All in all, fantastic improvement - and IMHO time to close this issue.
--mellvik
Hi @Mellvik,
Thanks for your report. Agreed, all-in-all, great improvements seen. I wasn't able to work on most of these issues until I got my real hardware NE2K card working, thanks to you.
I have seen very few system crashes, none repeatable. I did see one outbound ELKS-to-Linux curl transfer end up creating a 23Mb file whose size was proper but contents not correct. Unfortunately I deleted that and don't have it for analysis. So there seems to be a possibility where TCP fails without error, which is concerning. I would suggest further high-error transfers and diff or cmp comparison to see if we can get that to repeat.
There are a couple other high-priority problems with ktcp which still occur regularly:
Lower priority:
The ELKS issues with disk I/O and subsequent loss of TCP/IP speed are not fixed easily, and are the result of using the synchronous BIOS calls rather than interrupt-driven I/O, as well as just slow floppies. This problem is already discussed in #521.
All in all, fantastic improvement - and IMHO time to close this issue.
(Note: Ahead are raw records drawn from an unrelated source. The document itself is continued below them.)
lemma locally_bounded_measurable_add:
  assumes "locally_bounded_measurable f" "locally_bounded_measurable g"
  shows "locally_bounded_measurable (\<lambda>t. f t + g t)"
  unfolding locally_bounded_measurable_def
proof (intro conjI allI)
  show "(\<lambda>t. f t + g t) \<in> borel_measurable lborel"
    using assms unfolding locally_bounded_measurable_def by auto
  fix T :: real
  obtain M1 M2 where "\<forall>t. \<bar>t\<bar> \<le> T \<longrightarrow> \<bar>f t\<bar> \<le> M1" "\<forall>t. \<bar>t\<bar> \<le> T \<longrightarrow> \<bar>g t\<bar> \<le> M2"
    using assms unfolding locally_bounded_measurable_def by blast
  then show "\<exists>M. \<forall>t. \<bar>t\<bar> \<le> T \<longrightarrow> \<bar>f t + g t\<bar> \<le> M"
    by (intro exI[of _ "M1 + M2"]) (smt (verit))
qed

lemma locally_bounded_measurable_const: "locally_bounded_measurable (\<lambda>_. c)"
  by (rule locally_bounded_measurable_continuous) simp

lemma locally_bounded_measurable_uminus:
  "locally_bounded_measurable f \<Longrightarrow> locally_bounded_measurable (\<lambda>t. - f t)"
  using locally_bounded_measurable_mult[OF locally_bounded_measurable_const[of "- 1"]] by simp

lemma locally_bounded_measurable_diff:
  "locally_bounded_measurable f \<Longrightarrow> locally_bounded_measurable g \<Longrightarrow>
     locally_bounded_measurable (\<lambda>t. f t - g t)"
  using locally_bounded_measurable_add[of f "\<lambda>t. - g t"] locally_bounded_measurable_uminus
  by simp
lemma star_unfold_left:
  "\<lbrakk>X \<in> Obj C; f \<in> Hom C X X\<rbrakk> \<Longrightarrow> star X f = join X X (Id C X) (Comp C X X X f (star X f))"
  using star_Comp_unfold[of X X f "Id C X"] by simp

lemma star_Id:
  assumes X: "X \<in> Obj C"
  shows "star X (Id C X) = Id C X"
proof (rule least_prefixpoint_unique[OF star_least_prefixpoint])
  show "least_prefixpoint (Hom C X X) (hom_le join X X) (join X X (Id C X)) (Id C X)"
    using X unfolding least_prefixpoint_def by (simp add: join_le_iff hom_le_refl)
qed (use X in \<open>auto intro: hom_le_antisym\<close>)

lemma star_join_Id:
  assumes X: "X \<in> Obj C" and f: "f \<in> Hom C X X"
  shows "star X f = star X (join X X f (Id C X))"
proof (rule least_prefixpoint_unique[OF star_least_prefixpoint star_least_prefixpoint])
  fix x assume x: "x \<in> Hom C X X"
  \<comment> \<open>the extra summand \<open>x\<close> is harmless when comparing with \<open>x\<close>\<close>
  have "join X X (Id C X) (Comp C X X X x (join X X f (Id C X)))
      = join X X (join X X (Id C X) (Comp C X X X x f)) x"
    using X f x by (simp add: Comp_join_right join_assoc)
  then show "hom_le join X X (join X X (Id C X) (Comp C X X X x f)) x
      \<longleftrightarrow> hom_le join X X (join X X (Id C X) (Comp C X X X x (join X X f (Id C X)))) x"
    using X f x by (simp add: join_le_iff hom_le_refl)
qed (use X f in \<open>auto intro: hom_le_antisym\<close>)

lemma star_simulation:
  assumes X: "X \<in> Obj C" and Y: "Y \<in> Obj C"
    and g: "g \<in> Hom C Y Y" and h: "h \<in> Hom C X X" and k: "k \<in> Hom C Y X"
    and square: "Comp C Y X X h k = Comp C Y Y X k g"
  shows "Comp C Y X X (star X h) k = Comp C Y Y X k (star Y g)"
proof (rule hom_le_antisym)
  have "Comp C Y X X h (Comp C Y Y X k (star Y g)) = Comp C Y Y X (Comp C Y X X h k) (star Y g)"
    using X Y g h k by (simp add: Comp_assoc)
  also have "\<dots> = Comp C Y Y X k (Comp C Y Y Y g (star Y g))"
    using X Y g k square by (simp add: Comp_assoc)
  finally have "join Y X k (Comp C Y X X h (Comp C Y Y X k (star Y g)))
      = Comp C Y Y X k (join Y Y (Id C Y) (Comp C Y Y Y g (star Y g)))"
    using X Y g k by (simp add: Comp_join_right)
  then have "join Y X k (Comp C Y X X h (Comp C Y Y X k (star Y g))) = Comp C Y Y X k (star Y g)"
    using star_unfold_left[OF Y g] by simp
  then show "hom_le join Y X (Comp C Y X X (star X h) k) (Comp C Y Y X k (star Y g))"
    using star_Comp_least_prefixpoint[OF Y X h k] X Y g k hom_le_refl
    unfolding least_prefixpoint_def by auto
next
  have "Comp C Y Y X (Comp C Y X X (star X h) k) g = Comp C Y X X (star X h) (Comp C Y Y X k g)"
    using X Y g h k Comp_assoc[of Y Y X X g k "star X h"] by simp
  also have "\<dots> = Comp C Y X X (Comp C X X X (star X h) h) k"
    using X Y h k square Comp_assoc[of Y X X X k h "star X h"] by simp
  finally have "join Y X k (Comp C Y Y X (Comp C Y X X (star X h) k) g)
      = Comp C Y X X (join X X (Id C X) (Comp C X X X (star X h) h)) k"
    using X Y h k by (simp add: Comp_join_left)
  then have "join Y X k (Comp C Y Y X (Comp C Y X X (star X h) k) g) = Comp C Y X X (star X h) k"
    using star_unfold_right[OF X h] by simp
  then show "hom_le join Y X (Comp C Y Y X k (star Y g)) (Comp C Y X X (star X h) k)"
    using Comp_star_least_prefixpoint[OF Y X g k] X Y h k hom_le_refl
    unfolding least_prefixpoint_def by auto
qed (use X Y g h k in auto)

lemma star_axioms: "star_axioms C join star"
  unfolding star_axioms_def
  by (blast intro: star_in_Hom star_unfold_right star_Id star_join_Id star_simulation)

end

locale star_axioms_category = join_enriched_category +
  fixes star :: "'o \<Rightarrow> 'm \<Rightarrow> 'm"
  assumes star_axioms: "star_axioms C join star"
begin

lemma star_in_Hom [simp]: "\<lbrakk>X \<in> Obj C; f \<in> Hom C X X\<rbrakk> \<Longrightarrow> star X f \<in> Hom C X X"
  using star_axioms unfolding star_axioms_def by blast

lemma star_unfold_right:
  "\<lbrakk>X \<in> Obj C; f \<in> Hom C X X\<rbrakk> \<Longrightarrow> star X f = join X X (Id C X) (Comp C X X X (star X f) f)"
  using star_axioms unfolding star_axioms_def by blast

lemma star_Id: "X \<in> Obj C \<Longrightarrow> star X (Id C X) = Id C X"
  using star_axioms Id_in_Hom unfolding star_axioms_def by blast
Agreed, lets close this and report new issues when they arise.
Thank you!
I have seen very few system crashes, none repeatable. I did see one outbound ELKS-to-Linux curl transfer end up creating a 23Mb file whose size was proper but contents not correct. Unfortunately I deleted that and don't have it for analysis. So there seems to be a possibility where TCP fails without error, which is concerning. I would suggest further high-error transfers and diff or cmp comparison to see if we can get that to repeat.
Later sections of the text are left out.